OCC is an On-Chip-Controller which takes care of power and thermal
safety of the chip. During runtime due to power failure or
overtemperature the OCC may throttle the frequencies of the CPUs to
remain within the power budget.

We want the cpufreq driver to be aware of such situations to be able
to report the reason to the user. We register to opal_message_notifier
to receive OCC messages from opal.

powernv_cpufreq_throttle_check() reports any frequency throttling and
this patch will report the reason or event that caused throttling. We
can be throttled if OCC is reset or OCC limits Pmax due to power or
thermal reasons. We are also notified of unthrottling after an OCC
reset or if OCC restores Pmax on the chip.
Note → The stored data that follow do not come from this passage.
(* Let $x,y\in B$ with $|x|=|y|$, $\delta(x)=3$ and $\delta(y)=1$. Then $s([x]_2)<s([y]_2)$.
   Context: Stern's sequence $(a(n))_{n\ge0}$: $a(0)=0$, $a(1)=1$, $a(2n)=a(n)$, $a(2n+1)=a(n)+a(n+1)$; $s(n)=a(n+1)$. For a binary string $x$, $[x]_2$ is the integer it represents in base 2 and $|x|$ its length. $B$ denotes the set of nonempty binary strings that are concatenations of blocks each equal to $10$ or $100$; for $x\in B$, $\delta(x)$ is the number of $0$s minus the number of $1$s in $x$, which equals the number of $100$ blocks. *)

theory Defs
  imports Main
begin

function stern :: "nat \<Rightarrow> nat" where
  "stern n = (if n = 0 then 0 else if n = 1 then 1
              else if even n then stern (n div 2)
              else stern (n div 2) + stern (n div 2 + 1))"
  by auto
termination by (relation "measure id") (auto elim: oddE)
declare stern.simps[simp del]

definition s :: "nat \<Rightarrow> nat" where "s n = stern (n + 1)"

text \<open>Binary strings as lists of bits, most significant bit first (True = 1).\<close>
definition bin_val :: "bool list \<Rightarrow> nat" where
  "bin_val x = foldl (\<lambda>acc b. 2 * acc + (if b then 1 else 0)) 0 x"

inductive inB :: "bool list \<Rightarrow> bool" where
  blk10: "inB [True, False]"
| blk100: "inB [True, False, False]"
| cons10: "inB x \<Longrightarrow> inB ([True, False] @ x)"
| cons100: "inB x \<Longrightarrow> inB ([True, False, False] @ x)"

definition delta :: "bool list \<Rightarrow> int" where
  "delta x = int (count_list x False) - int (count_list x True)"

end

theory Submission
  imports Defs Complex_Main
begin

text \<open>Reading a binary word from its most significant bit, the pair (stern n, stern (n + 1))
  evolves by (p, q) \<mapsto> (p + q, q) on a 1 and by (p, q) \<mapsto> (p, p + q) on a 0, so a block 10
  acts as (p, q) \<mapsto> (p + q, p + 2q) and a block 100 as (p, q) \<mapsto> (p + q, 2p + 3q).
  The weight p + \<phi> q is multiplied exactly by \<phi>^2 by a block 10 and, while p / q < 2 / 3
  (which both blocks preserve), by a factor between \<phi> + 2 and 11\<phi> - 14 by a block 100.
  Words of equal length with three resp. one blocks 100 have n resp. n + 3 blocks 10, so their
  weights compare as (11\<phi> - 14)^3 against \<phi>^6 (\<phi> + 2), a margin that survives passing
  from weights back to second components.\<close>

lemma stern_double: "stern (2 * n) = stern n"
  by (cases "n = 0") (simp add: stern.simps, subst stern.simps, simp)

lemma stern_double_Suc: "stern (2 * n + 1) = stern n + stern (n + 1)"
  by (cases "n = 0") (simp add: stern.simps, subst stern.simps, simp)

fun stern_step :: "nat \<times> nat \<Rightarrow> bool \<Rightarrow> nat \<times> nat" where
  "stern_step (p, q) b = (if b then (p + q, q) else (p, p + q))"

definition stern_run :: "bool list \<Rightarrow> nat \<times> nat \<Rightarrow> nat \<times> nat" where
  "stern_run w v = foldl stern_step v w"

lemma stern_run_bin_val: "stern_run w (0, 1) = (stern (bin_val w), s (bin_val w))"
proof (induction w rule: rev_induct)
  case Nil
  show ?case by (simp add: stern_run_def bin_val_def s_def stern.simps)
next
  case (snoc b w)
  have bin_val_snoc: "bin_val (w @ [b]) = 2 * bin_val w + (if b then 1 else 0)"
    by (simp add: bin_val_def)
  have "stern_run (w @ [b]) (0, 1) = stern_step (stern (bin_val w), stern (bin_val w + 1)) b"
    using snoc by (simp add: stern_run_def s_def)
  moreover have "stern (2 * bin_val w + 2) = stern (bin_val w + 1)"
    using stern_double[of "bin_val w + 1"] by (simp add: algebra_simps)
  ultimately show ?case
    using stern_double[of "bin_val w"] stern_double_Suc[of "bin_val w"]
    by (simp add: bin_val_snoc s_def)
qed

lemma stern_run_block_10:
  "stern_run (True # False # x) (p, q) = stern_run x (p + q, p + 2 * q)"
  by (simp add: stern_run_def mult_2 add.assoc)

lemma stern_run_block_100:
  "stern_run (True # False # False # x) (p, q) = stern_run x (p + q, 2 * p + 3 * q)"
  by (simp add: stern_run_def eval_nat_numeral ac_simps)

lemma stern_run_ratio_bound:
  assumes "inB x" and "3 * p < 2 * q"
  shows "3 * fst (stern_run x (p, q)) < 2 * snd (stern_run x (p, q))"
  using assms
proof (induction arbitrary: p q rule: inB.induct)
  case (cons10 x)
  have "3 * (p + q) < 2 * (p + 2 * q)" using cons10.prems by simp
  from cons10.IH[OF this] show ?case by (simp add: stern_run_block_10)
next
  case (cons100 x)
  have "3 * (p + q) < 2 * (2 * p + 3 * q)" using cons100.prems by simp
  from cons100.IH[OF this] show ?case by (simp add: stern_run_block_100)
qed (simp_all add: stern_run_def)

lemma stern_run_snd_le:
  "inB x \<Longrightarrow> snd (stern_run x (p, q)) \<le> 3 * fst (stern_run x (p, q))"
  by (induction arbitrary: p q rule: inB.induct)
    (simp_all add: stern_run_block_10 stern_run_block_100 stern_run_def)

definition blocks_10 :: "bool list \<Rightarrow> nat" where
  "blocks_10 x = 2 * count_list x True - count_list x False"

definition blocks_100 :: "bool list \<Rightarrow> nat" where
  "blocks_100 x = count_list x False - count_list x True"

lemma inB_count_bounds:
  "inB x \<Longrightarrow>
    count_list x True \<le> count_list x False \<and> count_list x False \<le> 2 * count_list x True"
  by (induction rule: inB.induct) auto

lemma inB_counts:
  assumes "inB x"
  shows "count_list x True = blocks_10 x + blocks_100 x"
    and "count_list x False = blocks_10 x + 2 * blocks_100 x"
  using inB_count_bounds[OF assms] by (auto simp: blocks_10_def blocks_100_def)

lemma blocks_cons_10:
  "inB x \<Longrightarrow> blocks_10 (True # False # x) = Suc (blocks_10 x)"
  "blocks_100 (True # False # x) = blocks_100 x"
  using inB_count_bounds[of x] by (auto simp: blocks_10_def blocks_100_def)

lemma blocks_cons_100:
  "blocks_10 (True # False # False # x) = blocks_10 x"
  "inB x \<Longrightarrow> blocks_100 (True # False # False # x) = Suc (blocks_100 x)"
  using inB_count_bounds[of x] by (auto simp: blocks_10_def blocks_100_def)

lemma inB_length: "inB x \<Longrightarrow> length x = 2 * blocks_10 x + 3 * blocks_100 x"
proof -
  have "length x = count_list x True + count_list x False"
    by (induction x) auto
  thus "inB x \<Longrightarrow> ?thesis" using inB_counts[of x] by simp
qed

lemma inB_delta: "inB x \<Longrightarrow> delta x = int (blocks_100 x)"
  using inB_counts[of x] by (simp add: delta_def)

definition phi :: real where "phi = (1 + sqrt 5) / 2"

lemma phi_square: "phi\<^sup>2 = phi + 1"
  unfolding phi_def by (simp add: power2_eq_square field_simps)

lemma phi_lower: "3 / 2 \<le> phi"
proof -
  have "2 \<le> sqrt 5"
    by (rule real_le_rsqrt) simp
  thus ?thesis unfolding phi_def by simp
qed

lemma phi_upper: "phi \<le> 13 / 8"
proof -
  have "sqrt 5 \<le> 9 / 4"
    by (rule real_le_lsqrt) (simp_all add: power2_eq_square)
  thus ?thesis unfolding phi_def by simp
qed

definition phi_weight :: "nat \<times> nat \<Rightarrow> real" where
  "phi_weight v = real (fst v) + phi * real (snd v)"

lemma phi_weight_block_10: "phi_weight (p + q, p + 2 * q) = phi\<^sup>2 * phi_weight (p, q)"
proof -
  have "phi\<^sup>2 * (real p + phi * real q) = (1 + phi) * real p + (2 * phi + 1) * real q"
    using phi_square by algebra
  thus ?thesis unfolding phi_weight_def by (simp add: algebra_simps)
qed

text \<open>The weight ratio of a block 100 is a Moebius function of p / q, increasing from
  \<phi> + 2 at p = 0 to (5 + 13\<phi>) / (2 + 3\<phi>) = 11\<phi> - 14 at p / q = 2 / 3.\<close>

lemma phi_weight_block_100_upper:
  assumes "3 * p \<le> 2 * q"
  shows "phi_weight (p + q, 2 * p + 3 * q) \<le> (11 * phi - 14) * phi_weight (p, q)"
proof -
  have "(11 * phi - 14) * (real p + phi * real q) - (real (p + q) + phi * real (2 * p + 3 * q))
      = (5 - 3 * phi) * (2 * real q - 3 * real p)"
    using phi_square by simp algebra
  moreover have "0 \<le> (5 - 3 * phi) * (2 * real q - 3 * real p)"
    using phi_upper assms by (intro mult_nonneg_nonneg) linarith+
  ultimately show ?thesis unfolding phi_weight_def by simp
qed

lemma phi_weight_block_100_lower:
  "(phi + 2) * phi_weight (p, q) \<le> phi_weight (p + q, 2 * p + 3 * q)"
proof -
  have "real (p + q) + phi * real (2 * p + 3 * q) - (phi + 2) * (real p + phi * real q)
      = (phi - 1) * real p"
    using phi_square by simp algebra
  moreover have "0 \<le> (phi - 1) * real p"
    using phi_lower by simp
  ultimately show ?thesis unfolding phi_weight_def by simp
qed

lemma phi_weight_stern_run_upper:
  assumes "inB x" and "3 * p < 2 * q"
  shows "phi_weight (stern_run x (p, q))
    \<le> (phi\<^sup>2) ^ blocks_10 x * (11 * phi - 14) ^ blocks_100 x * phi_weight (p, q)"
  using assms
proof (induction arbitrary: p q rule: inB.induct)
  case blk10
  show ?case using phi_weight_block_10
    by (simp add: stern_run_def blocks_10_def blocks_100_def mult_2 add.assoc)
next
  case blk100
  show ?case using phi_weight_block_100_upper[of p q] blk100
    by (simp add: stern_run_def blocks_10_def blocks_100_def eval_nat_numeral ac_simps)
next
  case (cons10 x)
  have "3 * (p + q) < 2 * (p + 2 * q)" using cons10.prems by simp
  have "phi_weight (stern_run ([True, False] @ x) (p, q))
      = phi_weight (stern_run x (p + q, p + 2 * q))"
    by (simp add: stern_run_block_10)
  also have "\<dots> \<le> (phi\<^sup>2) ^ blocks_10 x * (11 * phi - 14) ^ blocks_100 x
      * phi_weight (p + q, p + 2 * q)"
    using cons10.IH[OF \<open>3 * (p + q) < 2 * (p + 2 * q)\<close>] .
  also have "\<dots> = (phi\<^sup>2) ^ blocks_10 ([True, False] @ x)
      * (11 * phi - 14) ^ blocks_100 ([True, False] @ x) * phi_weight (p, q)"
    by (simp add: blocks_cons_10 cons10.hyps phi_weight_block_10)
  finally show ?case .
next
  case (cons100 x)
  have "3 * (p + q) < 2 * (2 * p + 3 * q)" using cons100.prems by simp
  have factor_nonneg: "0 \<le> (phi\<^sup>2) ^ blocks_10 x * (11 * phi - 14) ^ blocks_100 x"
    using phi_lower phi_upper by simp
  have "phi_weight (stern_run ([True, False, False] @ x) (p, q))
      = phi_weight (stern_run x (p + q, 2 * p + 3 * q))"
    by (simp add: stern_run_block_100)
  also have "\<dots> \<le> (phi\<^sup>2) ^ blocks_10 x * (11 * phi - 14) ^ blocks_100 x
      * phi_weight (p + q, 2 * p + 3 * q)"
    using cons100.IH[OF \<open>3 * (p + q) < 2 * (2 * p + 3 * q)\<close>] .
  also have "\<dots> \<le> (phi\<^sup>2) ^ blocks_10 x * (11 * phi - 14) ^ blocks_100 x
      * ((11 * phi - 14) * phi_weight (p, q))"
    using cons100.prems by (intro mult_left_mono[OF phi_weight_block_100_upper factor_nonneg]) simp
  also have "\<dots> = (phi\<^sup>2) ^ blocks_10 ([True, False, False] @ x)
      * (11 * phi - 14) ^ blocks_100 ([True, False, False] @ x) * phi_weight (p, q)"
    by (simp add: blocks_cons_100 cons100.hyps)
  finally show ?case .
qed

lemma phi_weight_stern_run_lower:
  assumes "inB x"
  shows "(phi\<^sup>2) ^ blocks_10 x * (phi + 2) ^ blocks_100 x * phi_weight (p, q)
    \<le> phi_weight (stern_run x (p, q))"
  using assms
proof (induction arbitrary: p q rule: inB.induct)
  case blk10
  show ?case using phi_weight_block_10
    by (simp add: stern_run_def blocks_10_def blocks_100_def mult_2 add.assoc)
next
  case blk100
  show ?case using phi_weight_block_100_lower[of p q]
    by (simp add: stern_run_def blocks_10_def blocks_100_def eval_nat_numeral ac_simps)
next
  case (cons10 x)
  have "(phi\<^sup>2) ^ blocks_10 ([True, False] @ x) * (phi + 2) ^ blocks_100 ([True, False] @ x)
      * phi_weight (p, q)
      = (phi\<^sup>2) ^ blocks_10 x * (phi + 2) ^ blocks_100 x * phi_weight (p + q, p + 2 * q)"
    by (simp add: blocks_cons_10 cons10.hyps phi_weight_block_10)
  also have "\<dots> \<le> phi_weight (stern_run x (p + q, p + 2 * q))"
    by (rule cons10.IH)
  finally show ?case by (simp add: stern_run_block_10)
next
  case (cons100 x)
  have factor_nonneg: "0 \<le> (phi\<^sup>2) ^ blocks_10 x * (phi + 2) ^ blocks_100 x"
    using phi_lower by simp
  have "(phi\<^sup>2) ^ blocks_10 ([True, False, False] @ x)
      * (phi + 2) ^ blocks_100 ([True, False, False] @ x) * phi_weight (p, q)
      = (phi\<^sup>2) ^ blocks_10 x * (phi + 2) ^ blocks_100 x * ((phi + 2) * phi_weight (p, q))"
    by (simp add: blocks_cons_100 cons100.hyps)
  also have "\<dots> \<le> (phi\<^sup>2) ^ blocks_10 x * (phi + 2) ^ blocks_100 x
      * phi_weight (p + q, 2 * p + 3 * q)"
    by (intro mult_left_mono[OF phi_weight_block_100_lower factor_nonneg])
  also have "\<dots> \<le> phi_weight (stern_run x (p + q, 2 * p + 3 * q))"
    by (rule cons100.IH)
  finally show ?case by (simp add: stern_run_block_100)
qed

lemma mult_snd_le_phi_weight:
  "q \<le> 3 * p \<Longrightarrow> (1 + 3 * phi) * real q \<le> 3 * phi_weight (p, q)"
  unfolding phi_weight_def by (simp add: algebra_simps)

lemma phi_weight_less_mult_snd:
  "3 * p < 2 * q \<Longrightarrow> 3 * phi_weight (p, q) < (2 + 3 * phi) * real q"
  unfolding phi_weight_def by (simp add: algebra_simps)

lemma s_bin_val_upper:
  assumes "inB x"
  shows "(1 + 3 * phi) * real (s (bin_val x))
    \<le> 3 * phi * (phi\<^sup>2) ^ blocks_10 x * (11 * phi - 14) ^ blocks_100 x"
proof -
  obtain p q where run: "stern_run x (0, 1) = (p, q)" and q: "q = s (bin_val x)"
    using stern_run_bin_val by simp
  have "q \<le> 3 * p"
    using stern_run_snd_le[OF assms, of 0 1] unfolding run by simp
  moreover have "phi_weight (p, q) \<le> (phi\<^sup>2) ^ blocks_10 x * (11 * phi - 14) ^ blocks_100 x * phi"
    using phi_weight_stern_run_upper[OF assms, of 0 1] unfolding run by (simp add: phi_weight_def)
  ultimately show ?thesis
    using mult_snd_le_phi_weight[of q p] unfolding q by (simp add: mult_ac)
qed

lemma s_bin_val_lower:
  assumes "inB x"
  shows "3 * phi * (phi\<^sup>2) ^ blocks_10 x * (phi + 2) ^ blocks_100 x
    < (2 + 3 * phi) * real (s (bin_val x))"
proof -
  obtain p q where run: "stern_run x (0, 1) = (p, q)" and q: "q = s (bin_val x)"
    using stern_run_bin_val by simp
  have "3 * p < 2 * q"
    using stern_run_ratio_bound[OF assms, of 0 1] unfolding run by simp
  moreover have "(phi\<^sup>2) ^ blocks_10 x * (phi + 2) ^ blocks_100 x * phi \<le> phi_weight (p, q)"
    using phi_weight_stern_run_lower[OF assms, of 0 1] unfolding run by (simp add: phi_weight_def)
  ultimately show ?thesis
    using phi_weight_less_mult_snd[of p q] unfolding q by (simp add: mult_ac)
qed

lemma block_factor_inequality:
  "(11 * phi - 14) ^ 3 * (2 + 3 * phi) \<le> (phi\<^sup>2) ^ 3 * (phi + 2) * (1 + 3 * phi)"
proof -
  have "(11 * phi - 14) ^ 3 * (2 + 3 * phi) = 755 * phi - 846"
    and "(phi\<^sup>2) ^ 3 * (phi + 2) * (1 + 3 * phi) = 170 * phi + 105"
    using phi_square by algebra+
  thus ?thesis using phi_upper by simp
qed

theorem mainTheorem12:
  assumes "inB x" and "inB y" and "length x = length y"
    and "delta x = 3" and "delta y = 1"
  shows "s (bin_val x) < s (bin_val y)"
proof -
  define n where "n = blocks_10 x"
  have blocks: "blocks_100 x = 3" "blocks_100 y = 1" "blocks_10 y = n + 3"
    using assms inB_delta inB_length unfolding n_def by auto
  define K where "K = 3 * phi * (phi\<^sup>2) ^ n"
  have "0 \<le> K" using phi_lower unfolding K_def by simp
  have "(2 + 3 * phi) * ((1 + 3 * phi) * real (s (bin_val x)))
      \<le> (2 + 3 * phi) * (K * (11 * phi - 14) ^ 3)"
    using s_bin_val_upper[OF assms(1)] phi_lower by (simp add: blocks K_def n_def)
  also have "\<dots> \<le> K * ((phi\<^sup>2) ^ 3 * (phi + 2) * (1 + 3 * phi))"
    using block_factor_inequality \<open>0 \<le> K\<close> by (simp add: mult_left_mono mult_ac)
  also have "\<dots> < (1 + 3 * phi) * ((2 + 3 * phi) * real (s (bin_val y)))"
    using s_bin_val_lower[OF assms(2)] phi_lower by (simp add: blocks K_def power_add mult_ac)
  finally show ?thesis
    using phi_lower by (simp add: mult_ac)
qed

end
Signed-off-by: Shilpasri G Bhat <shilpa.bhat@linux.vnet.ibm.com>
---
Changes from v3:
- Move the macro definitions of OCC_RESET, OCC_LOAD, OCC_THROTTLE to
  arch/powerpc/include/asm/opal-api.h
- Use 'struct opal_occ_msg' to copy the 'opal_msg->params[]' and refer
  the members of this structure in the code; Replace 'chip_id',
  'token' and 'reason' with omsg.chip, omsg.type, omsg.throttle_status
- Use OCC_MAX_THROTTLE_STATUS instead of the magic number.
- Add opal_message_notifier_unregister()

Changes from v2:
- Patch split in to multiple patches.
- This patch contains only the opal_message notification handler

Changes from v1:
- Add macros to define OCC_RESET, OCC_LOAD and OCC_THROTTLE
- Define a structure to store chip id, chip mask which has bits set
  for cpus present in the chip, throttled state and a work_struct.
- Modify powernv_cpufreq_throttle_check() to be called via smp_call()
- On Pmax throttling/unthrottling update 'chip.throttled' and not the
  global 'throttled' as Pmax capping is local to the chip.
- Remove the condition which checks if local pstate is less than Pmin
  while checking for Psafe frequency. When OCC becomes active after
  reset we update 'thottled' to false and when the cpufreq governor
  initiates a pstate change, the local pstate will be in Psafe and we
  will be reporting a false positive when we are not throttled.
- Schedule a kworker on receiving throttling/unthrottling OCC message
  for that chip and schedule on all chips after receiving active.
- After an OCC reset all the cpus will be in Psafe frequency. So call
  target() and restore the frequency to policy->cur after OCC_ACTIVE
  and Pmax unthrottling
- Taken care of Viresh and Preeti's comments.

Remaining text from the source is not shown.